### Goal of the exercise:
Look below for the lines from the one with "b) \<le> dual_norm" to the one with "dual_norm_minus_commute[of a b]", and copy exactly those lines, both ends included.

-------- Dataset content

(* Let $\mathcal V$ be a finite-dimensional vector space over $\mathbb K\in\{\mathbb R,\mathbb C\}$ with norm $\|\cdot\|$, dual space $\mathcal V^\star$, dual norm $\|\cdot\|_\star$, and $\mathrm d_\star(x,y)=\frac12\|x-y\|_\star$. Let $\epsilon,\tau>0$, $z\in\mathcal V^\star$ and $\mu$ a probability measure over $\mathcal V^\star$. Then for every $x\in\mathcal V^\star$, $$\Pr_{y\sim\mu}[\mathrm d_\star(x,y)<\epsilon]\le\max\left\{\mathrm{frac}(\mu,z,\tau),\ \Pr_{y\sim\mu}\left[\mathrm d_\star(y,z)<2\epsilon+\tfrac\tau2\right]\right\},$$ where $\mathrm{frac}(\mu,z,\tau)=\sup_{v\in\overline B_1(0)}\Pr_{y\sim\mu}[|y(v)-z(v)|>\tau]$.
   Context: $\overline B_1(0)=\{v\in\mathcal V:\|v\|\le1\}$ and $\|x\|_\star=\sup_{\|v\|\le1}|x(v)|$; elements of $\mathcal V^\star$ are evaluated on vectors $v\in\mathcal V$ as linear functionals. *)

theory Defs
  imports "HOL-Analysis.Analysis" "HOL-Probability.Probability"
begin

text \<open>An n-dimensional vector space over K (K = real or complex) is represented in
coordinates as K^n; an arbitrary norm on it is a function N satisfying the norm axioms.\<close>

definition is_norm :: "('k::real_normed_field ^ 'n \<Rightarrow> real) \<Rightarrow> bool" where
  "is_norm N \<longleftrightarrow> (\<forall>v. N v = 0 \<longleftrightarrow> v = 0)
     \<and> (\<forall>c v. N (\<chi> i. c * v $ i) = norm c * N v)
     \<and> (\<forall>u v. N (u + v) \<le> N u + N v)"

text \<open>Elements of the dual space (K-linear functionals on K^n) are represented by their
coefficient vectors; evaluation of the functional y on the vector v:\<close>

definition dual_eval :: "'k::real_normed_field ^ 'n \<Rightarrow> 'k ^ 'n \<Rightarrow> 'k" where
  "dual_eval y v = (\<Sum>i\<in>UNIV. y $ i * v $ i)"

definition dual_norm :: "('k::real_normed_field ^ 'n \<Rightarrow> real) \<Rightarrow> 'k ^ 'n \<Rightarrow> real" where
  "dual_norm N x = (SUP v\<in>{v. N v \<le> 1}. norm (dual_eval x v))"

definition dstar :: "('k::real_normed_field ^ 'n \<Rightarrow> real) \<Rightarrow> 'k ^ 'n \<Rightarrow> 'k ^ 'n \<Rightarrow> real" where
  "dstar N x y = dual_norm N (x - y) / 2"

definition frac :: "('k::real_normed_field ^ 'n \<Rightarrow> real) \<Rightarrow> ('k ^ 'n) measure \<Rightarrow> 'k ^ 'n \<Rightarrow> real \<Rightarrow> real" where
  "frac N \<mu> z \<tau> = (SUP v\<in>{v. N v \<le> 1}.
      measure \<mu> {y \<in> space \<mu>. norm (dual_eval y v - dual_eval z v) > \<tau>})"

end

theory Submission
  imports Defs
begin

text \<open>If \<open>\<parallel>x - z\<parallel>\<^sub>\<star> < 2\<epsilon> + \<tau>\<close>, the triangle inequality puts the whole \<open>d\<^sub>\<star>\<close>-ball of radius \<open>\<epsilon>\<close>
  about \<open>x\<close> inside the ball of radius \<open>2\<epsilon> + \<tau>/2\<close> about \<open>z\<close>. Otherwise choose a unit vector \<open>v\<close>
  at which \<open>\<parallel>x - z\<parallel>\<^sub>\<star>\<close> is attained; it exists because all norms on a finite-dimensional space
  are equivalent, so the unit ball is compact. Every \<open>y\<close> in the ball about \<open>x\<close> then satisfies
  \<open>|y(v) - z(v)| \<ge> |(x - z)(v)| - |(x - y)(v)| > (2\<epsilon> + \<tau>) - 2\<epsilon> = \<tau>\<close>, so the ball has
  probability at most \<open>frac(\<mu>, z, \<tau>)\<close>.\<close>

lemma dual_eval_add: "dual_eval (a + b) v = dual_eval a v + dual_eval b v"
  unfolding dual_eval_def by (simp add: sum.distrib distrib_right)

lemma dual_eval_minus: "dual_eval (- a) v = - dual_eval a v"
  unfolding dual_eval_def by (simp add: sum_negf)

lemma dual_eval_diff: "dual_eval (a - b) v = dual_eval a v - dual_eval b v"
  unfolding dual_eval_def by (simp add: sum_subtractf left_diff_distrib)

lemma continuous_on_dual_eval_left: "continuous_on S (\<lambda>y. dual_eval y v)"
  unfolding dual_eval_def by (intro continuous_intros)

lemma continuous_on_dual_eval_right: "continuous_on S (dual_eval w)"
  unfolding dual_eval_def by (intro continuous_intros)

lemma norm_dual_eval_le:
  fixes w v :: "'k::real_normed_field ^ 'n"
  shows "norm (dual_eval w v) \<le> real CARD('n) * norm w * norm v"
proof -
  have "norm (dual_eval w v) \<le> (\<Sum>i\<in>UNIV. norm (w $ i * v $ i))"
    unfolding dual_eval_def by (rule norm_sum)
  also have "\<dots> \<le> (\<Sum>i\<in>(UNIV::'n set). norm w * norm v)"
    unfolding norm_mult by (intro sum_mono mult_mono Finite_Cartesian_Product.norm_nth_le) auto
  finally show ?thesis by simp
qed

context
  fixes N :: "'k::{real_normed_field,euclidean_space} ^ 'n \<Rightarrow> real"
  assumes N: "is_norm N"
begin

lemma is_norm_eq_0_iff: "N v = 0 \<longleftrightarrow> v = 0"
  using N unfolding is_norm_def by auto

lemma is_norm_zero [simp]: "N 0 = 0"
  by (simp add: is_norm_eq_0_iff)

lemma is_norm_triangle: "N (u + v) \<le> N u + N v"
  using N unfolding is_norm_def by auto

lemma is_norm_scaleR: "N (r *\<^sub>R v) = \<bar>r\<bar> * N v"
proof -
  have "(r *\<^sub>R v) $ i = (of_real r :: 'k) * v $ i" for i
    by (simp only: vector_scaleR_component) (rule scaleR_conv_of_real)
  then have "r *\<^sub>R v = (\<chi> i. (of_real r :: 'k) * v $ i)"
    by (simp add: vec_eq_iff)
  then show ?thesis
    using N unfolding is_norm_def by (metis norm_of_real)
qed

lemma is_norm_minus: "N (- v) = N v"
  using is_norm_scaleR[of "-1" v] by simp

lemma is_norm_nonneg: "N v \<ge> 0"
  using is_norm_triangle[of v "- v"] is_norm_minus by simp

lemma is_norm_sum: "finite B \<Longrightarrow> N (\<Sum>b\<in>B. f b) \<le> (\<Sum>b\<in>B. N (f b))"
  by (induction B rule: finite_induct)
    (auto simp: is_norm_eq_0_iff intro: order_trans[OF is_norm_triangle])

lemma is_norm_le_norm: "N v \<le> (\<Sum>b\<in>Basis. N b) * norm v"
proof -
  have "N v = N (\<Sum>b\<in>Basis. (v \<bullet> b) *\<^sub>R b)"
    by (simp add: euclidean_representation)
  also have "\<dots> \<le> (\<Sum>b\<in>Basis. N ((v \<bullet> b) *\<^sub>R b))"
    by (simp add: is_norm_sum)
  also have "\<dots> = (\<Sum>b\<in>Basis. \<bar>v \<bullet> b\<bar> * N b)"
    by (simp add: is_norm_scaleR)
  also have "\<dots> \<le> (\<Sum>b\<in>Basis. norm v * N b)"
    by (intro sum_mono mult_right_mono Basis_le_norm is_norm_nonneg)
  finally show ?thesis
    by (simp add: sum_distrib_left mult.commute)
qed

lemma continuous_on_is_norm: "continuous_on S N"
proof (rule lipschitz_on_continuous_on)
  show "(\<Sum>b\<in>Basis. N b)-lipschitz_on S N"
  proof (rule lipschitz_onI)
    fix u v
    have "\<bar>N u - N v\<bar> \<le> N (u - v)"
      using is_norm_triangle[of "u - v" v] is_norm_triangle[of "v - u" u] is_norm_minus[of "u - v"]
      by (simp add: abs_le_iff)
    then show "dist (N u) (N v) \<le> (\<Sum>b\<in>Basis. N b) * dist u v"
      using is_norm_le_norm[of "u - v"] by (simp add: dist_real_def dist_norm)
  qed (simp add: sum_nonneg is_norm_nonneg)
qed

lemma is_norm_ge_norm: obtains m where "m > 0" "\<And>v. m * norm v \<le> N v"
proof -
  obtain b :: "'k ^ 'n" where "b \<in> Basis"
    using nonempty_Basis by blast
  then have "sphere (0::'k ^ 'n) 1 \<noteq> {}"
    by (auto simp: norm_Basis)
  then obtain u where u: "u \<in> sphere 0 1" "\<And>w. w \<in> sphere 0 1 \<Longrightarrow> N u \<le> N w"
    using continuous_attains_inf[OF compact_sphere _ continuous_on_is_norm] by blast
  have "N u * norm v \<le> N v" for v
  proof (cases "v = 0")
    case False
    then have "N u \<le> N ((1 / norm v) *\<^sub>R v)"
      by (intro u(2)) simp
    with False show ?thesis
      by (simp add: is_norm_scaleR field_simps)
  qed (simp add: is_norm_eq_0_iff)
  moreover have "N u > 0"
    using u(1) is_norm_eq_0_iff[of u] is_norm_nonneg[of u] by auto
  ultimately show ?thesis
    using that by blast
qed

lemma bounded_unit_ball: "bounded {v. N v \<le> 1}"
proof -
  obtain m where m: "m > 0" "\<And>v. m * norm v \<le> N v"
    using is_norm_ge_norm by blast
  have "norm v \<le> 1 / m" if "N v \<le> 1" for v
    using m(2)[of v] that m(1) by (simp add: field_simps)
  then show ?thesis
    unfolding bounded_iff by blast
qed

lemma compact_unit_ball: "compact {v. N v \<le> 1}"
  using bounded_unit_ball closed_Collect_le[OF continuous_on_is_norm continuous_on_const]
  by (simp add: compact_eq_bounded_closed)

lemma dual_norm_attained:
  obtains v where "N v \<le> 1" "dual_norm N w = norm (dual_eval w v)"
    "\<And>u. N u \<le> 1 \<Longrightarrow> norm (dual_eval w u) \<le> norm (dual_eval w v)"
proof -
  have "0 \<in> {v. N v \<le> 1}"
    by simp
  moreover have "continuous_on {v. N v \<le> 1} (\<lambda>v. norm (dual_eval w v))"
    by (intro continuous_intros continuous_on_dual_eval_right)
  ultimately obtain v where v: "N v \<le> 1"
      "\<And>u. N u \<le> 1 \<Longrightarrow> norm (dual_eval w u) \<le> norm (dual_eval w v)"
    using continuous_attains_sup[OF compact_unit_ball] by blast
  moreover have "dual_norm N w = norm (dual_eval w v)"
    unfolding dual_norm_def using v by (intro cSup_eq_maximum) auto
  ultimately show ?thesis
    using that by blast
qed

lemma norm_dual_eval_le_dual_norm: "N v \<le> 1 \<Longrightarrow> norm (dual_eval w v) \<le> dual_norm N w"
  by (metis dual_norm_attained)

lemma dual_norm_triangle: "dual_norm N (a + b) \<le> dual_norm N a + dual_norm N b"
proof -
  obtain v where v: "N v \<le> 1" "dual_norm N (a + b) = norm (dual_eval (a + b) v)"
    using dual_norm_attained by blast
  have "norm (dual_eval (a + b) v) \<le> norm (dual_eval a v) + norm (dual_eval b v)"
    by (simp add: dual_eval_add norm_triangle_ineq)
  also have "\<dots> \<le> dual_norm N a + dual_norm N b"
    using v(1) by (intro add_mono norm_dual_eval_le_dual_norm)
  finally show ?thesis
    using v(2) by simp
qed

lemma dual_norm_minus_commute: "dual_norm N (a - b) = dual_norm N (b - a)"
  using dual_eval_minus[of "a - b"] unfolding dual_norm_def by simp

lemma dual_norm_le_norm: obtains K where "K \<ge> 0" "\<And>w. dual_norm N w \<le> K * norm w"
proof -
  obtain R where R: "\<And>v. N v \<le> 1 \<Longrightarrow> norm v \<le> R"
    using bounded_unit_ball unfolding bounded_iff by blast
  have R_nonneg: "R \<ge> 0"
    using R[of 0] by (simp add: is_norm_eq_0_iff)
  have "dual_norm N w \<le> (real CARD('n) * R) * norm w" for w
  proof -
    obtain v where v: "N v \<le> 1" "dual_norm N w = norm (dual_eval w v)"
      using dual_norm_attained by blast
    have "norm (dual_eval w v) \<le> real CARD('n) * norm w * norm v"
      by (rule norm_dual_eval_le)
    also have "\<dots> \<le> real CARD('n) * norm w * R"
      using R[OF v(1)] by (intro mult_left_mono) auto
    finally show ?thesis
      using v(2) by (simp add: algebra_simps)
  qed
  with R_nonneg show ?thesis
    using that by (meson mult_nonneg_nonneg of_nat_0_le_iff)
qed

lemma continuous_on_dual_norm: "continuous_on S (dual_norm N)"
proof -
  obtain K where K: "K \<ge> 0" "\<And>w. dual_norm N w \<le> K * norm w"
    using dual_norm_le_norm by blast
  have "K-lipschitz_on S (dual_norm N)"
  proof (rule lipschitz_onI)
    fix a b
    have "dual_norm N a \<le> dual_norm N (a - b) + dual_norm N b"
         "dual_norm N b \<le> dual_norm N (a - b) + dual_norm N a"
      using dual_norm_triangle[of "a - b" b] dual_norm_triangle[of "b - a" a]
        dual_norm_minus_commute[of a b] by simp_all
    then show "dist (dual_norm N a) (dual_norm N b) \<le> K * dist a b"
      using K(2)[of "a - b"] by (simp add: dist_real_def dist_norm abs_le_iff)
  qed (rule K(1))
  then show ?thesis
    by (rule lipschitz_on_continuous_on)
qed

lemma dstar_ball_subset_near:
  assumes "dual_norm N (x - z) < 2 * \<epsilon> + \<tau>"
  shows "{y. dstar N x y < \<epsilon>} \<subseteq> {y. dstar N y z < 2 * \<epsilon> + \<tau> / 2}"
proof
  fix y
  assume "y \<in> {y. dstar N x y < \<epsilon>}"
  moreover have "dual_norm N (y - z) \<le> dual_norm N (x - y) + dual_norm N (x - z)"
    using dual_norm_triangle[of "y - x" "x - z"] dual_norm_minus_commute[of x y] by simp
  ultimately show "y \<in> {y. dstar N y z < 2 * \<epsilon> + \<tau> / 2}"
    using assms by (simp add: dstar_def)
qed

lemma dstar_ball_subset_far:
  assumes "2 * \<epsilon> + \<tau> \<le> norm (dual_eval (x - z) v)" and "N v \<le> 1"
  shows "{y. dstar N x y < \<epsilon>} \<subseteq> {y. \<tau> < norm (dual_eval y v - dual_eval z v)}"
proof
  fix y
  assume "y \<in> {y. dstar N x y < \<epsilon>}"
  then have "norm (dual_eval (x - y) v) < 2 * \<epsilon>"
    using norm_dual_eval_le_dual_norm[OF assms(2), of "x - y"] by (simp add: dstar_def)
  moreover have "norm (dual_eval (x - z) v) - norm (dual_eval (x - y) v)
      \<le> norm (dual_eval y v - dual_eval z v)"
    using norm_triangle_ineq2[of "dual_eval (x - z) v" "dual_eval (x - y) v"]
    by (simp add: dual_eval_diff)
  ultimately show "y \<in> {y. \<tau> < norm (dual_eval y v - dual_eval z v)}"
    using assms(1) by simp
qed

lemma measure_dstar_ball_le_max_frac:
  fixes \<mu> :: "('k ^ 'n) measure"
  assumes \<mu>: "prob_space \<mu>" "sets \<mu> = sets borel"
  shows "measure \<mu> {y \<in> space \<mu>. dstar N x y < \<epsilon>}
           \<le> max (frac N \<mu> z \<tau>) (measure \<mu> {y \<in> space \<mu>. dstar N y z < 2 * \<epsilon> + \<tau> / 2})"
proof -
  interpret prob_space \<mu> by (rule \<mu>(1))
  have space: "space \<mu> = UNIV"
    using sets_eq_imp_space_eq[OF \<mu>(2)] by simp
  have open_sets: "open S \<Longrightarrow> S \<in> sets \<mu>" for S
    using \<mu>(2) by simp
  show ?thesis
  proof (cases "dual_norm N (x - z) < 2 * \<epsilon> + \<tau>")
    case True
    have "open {y. dstar N y z < 2 * \<epsilon> + \<tau> / 2}"
      unfolding dstar_def
      by (intro open_Collect_less continuous_intros continuous_on_compose2[OF continuous_on_dual_norm])
        auto
    then have "measure \<mu> {y. dstar N x y < \<epsilon>} \<le> measure \<mu> {y. dstar N y z < 2 * \<epsilon> + \<tau> / 2}"
      by (intro finite_measure_mono open_sets dstar_ball_subset_near[OF True])
    then show ?thesis
      by (simp add: space)
  next
    case False
    obtain v where v: "N v \<le> 1" "dual_norm N (x - z) = norm (dual_eval (x - z) v)"
      using dual_norm_attained by blast
    have "open {y. \<tau> < norm (dual_eval y v - dual_eval z v)}"
      by (intro open_Collect_less continuous_intros continuous_on_dual_eval_left)
    then have "measure \<mu> {y. dstar N x y < \<epsilon>}
        \<le> measure \<mu> {y. \<tau> < norm (dual_eval y v - dual_eval z v)}"
      using False v by (intro finite_measure_mono open_sets dstar_ball_subset_far) auto
    also have "\<dots> \<le> frac N \<mu> z \<tau>"
      unfolding frac_def space using v(1)
      by (intro cSUP_upper2 bdd_aboveI2[where M = 1]) auto
    finally show ?thesis
      by (simp add: space)
  qed
qed

end

theorem mainTheorem7:
  shows "(\<forall>(N :: real ^ 'n \<Rightarrow> real) (\<mu> :: (real ^ 'n) measure) \<epsilon> \<tau> z x.
            is_norm N \<and> prob_space \<mu> \<and> sets \<mu> = sets borel \<and> \<epsilon> > 0 \<and> \<tau> > 0 \<longrightarrow>
            measure \<mu> {y \<in> space \<mu>. dstar N x y < \<epsilon>}
              \<le> max (frac N \<mu> z \<tau>)
                     (measure \<mu> {y \<in> space \<mu>. dstar N y z < 2 * \<epsilon> + \<tau> / 2}))
       \<and> (\<forall>(N :: complex ^ 'm \<Rightarrow> real) (\<mu> :: (complex ^ 'm) measure) \<epsilon> \<tau> z x.
            is_norm N \<and> prob_space \<mu> \<and> sets \<mu> = sets borel \<and> \<epsilon> > 0 \<and> \<tau> > 0 \<longrightarrow>
            measure \<mu> {y \<in> space \<mu>. dstar N x y < \<epsilon>}
              \<le> max (frac N \<mu> z \<tau>)
                     (measure \<mu> {y \<in> space \<mu>. dstar N y z < 2 * \<epsilon> + \<tau> / 2}))"
  by (blast intro: measure_dstar_ball_le_max_frac)

end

----------------

### Finished task:
lemma dual_norm_triangle: "dual_norm N (a + b) \<le> dual_norm N a + dual_norm N b"
proof -
  obtain v where v: "N v \<le> 1" "dual_norm N (a + b) = norm (dual_eval (a + b) v)"
    using dual_norm_attained by blast
  have "norm (dual_eval (a + b) v) \<le> norm (dual_eval a v) + norm (dual_eval b v)"
    by (simp add: dual_eval_add norm_triangle_ineq)
  also have "\<dots> \<le> dual_norm N a + dual_norm N b"
    using v(1) by (intro add_mono norm_dual_eval_le_dual_norm)
  finally show ?thesis
    using v(2) by simp
qed

lemma dual_norm_minus_commute: "dual_norm N (a - b) = dual_norm N (b - a)"
  using dual_eval_minus[of "a - b"] unfolding dual_norm_def by simp

lemma dual_norm_le_norm: obtains K where "K \<ge> 0" "\<And>w. dual_norm N w \<le> K * norm w"
proof -
  obtain R where R: "\<And>v. N v \<le> 1 \<Longrightarrow> norm v \<le> R"
    using bounded_unit_ball unfolding bounded_iff by blast
  have R_nonneg: "R \<ge> 0"
    using R[of 0] by (simp add: is_norm_eq_0_iff)
  have "dual_norm N w \<le> (real CARD('n) * R) * norm w" for w
  proof -
    obtain v where v: "N v \<le> 1" "dual_norm N w = norm (dual_eval w v)"
      using dual_norm_attained by blast
    have "norm (dual_eval w v) \<le> real CARD('n) * norm w * norm v"
      by (rule norm_dual_eval_le)
    also have "\<dots> \<le> real CARD('n) * norm w * R"
      using R[OF v(1)] by (intro mult_left_mono) auto
    finally show ?thesis
      using v(2) by (simp add: algebra_simps)
  qed
  with R_nonneg show ?thesis
    using that by (meson mult_nonneg_nonneg of_nat_0_le_iff)
qed

lemma continuous_on_dual_norm: "continuous_on S (dual_norm N)"
proof -
  obtain K where K: "K \<ge> 0" "\<And>w. dual_norm N w \<le> K * norm w"
    using dual_norm_le_norm by blast
  have "K-lipschitz_on S (dual_norm N)"
  proof (rule lipschitz_onI)
    fix a b
    have "dual_norm N a \<le> dual_norm N (a - b) + dual_norm N b"
         "dual_norm N b \<le> dual_norm N (a - b) + dual_norm N a"
      using dual_norm_triangle[of "a - b" b] dual_norm_triangle[of "b - a" a]
        dual_norm_minus_commute[of a b] by simp_all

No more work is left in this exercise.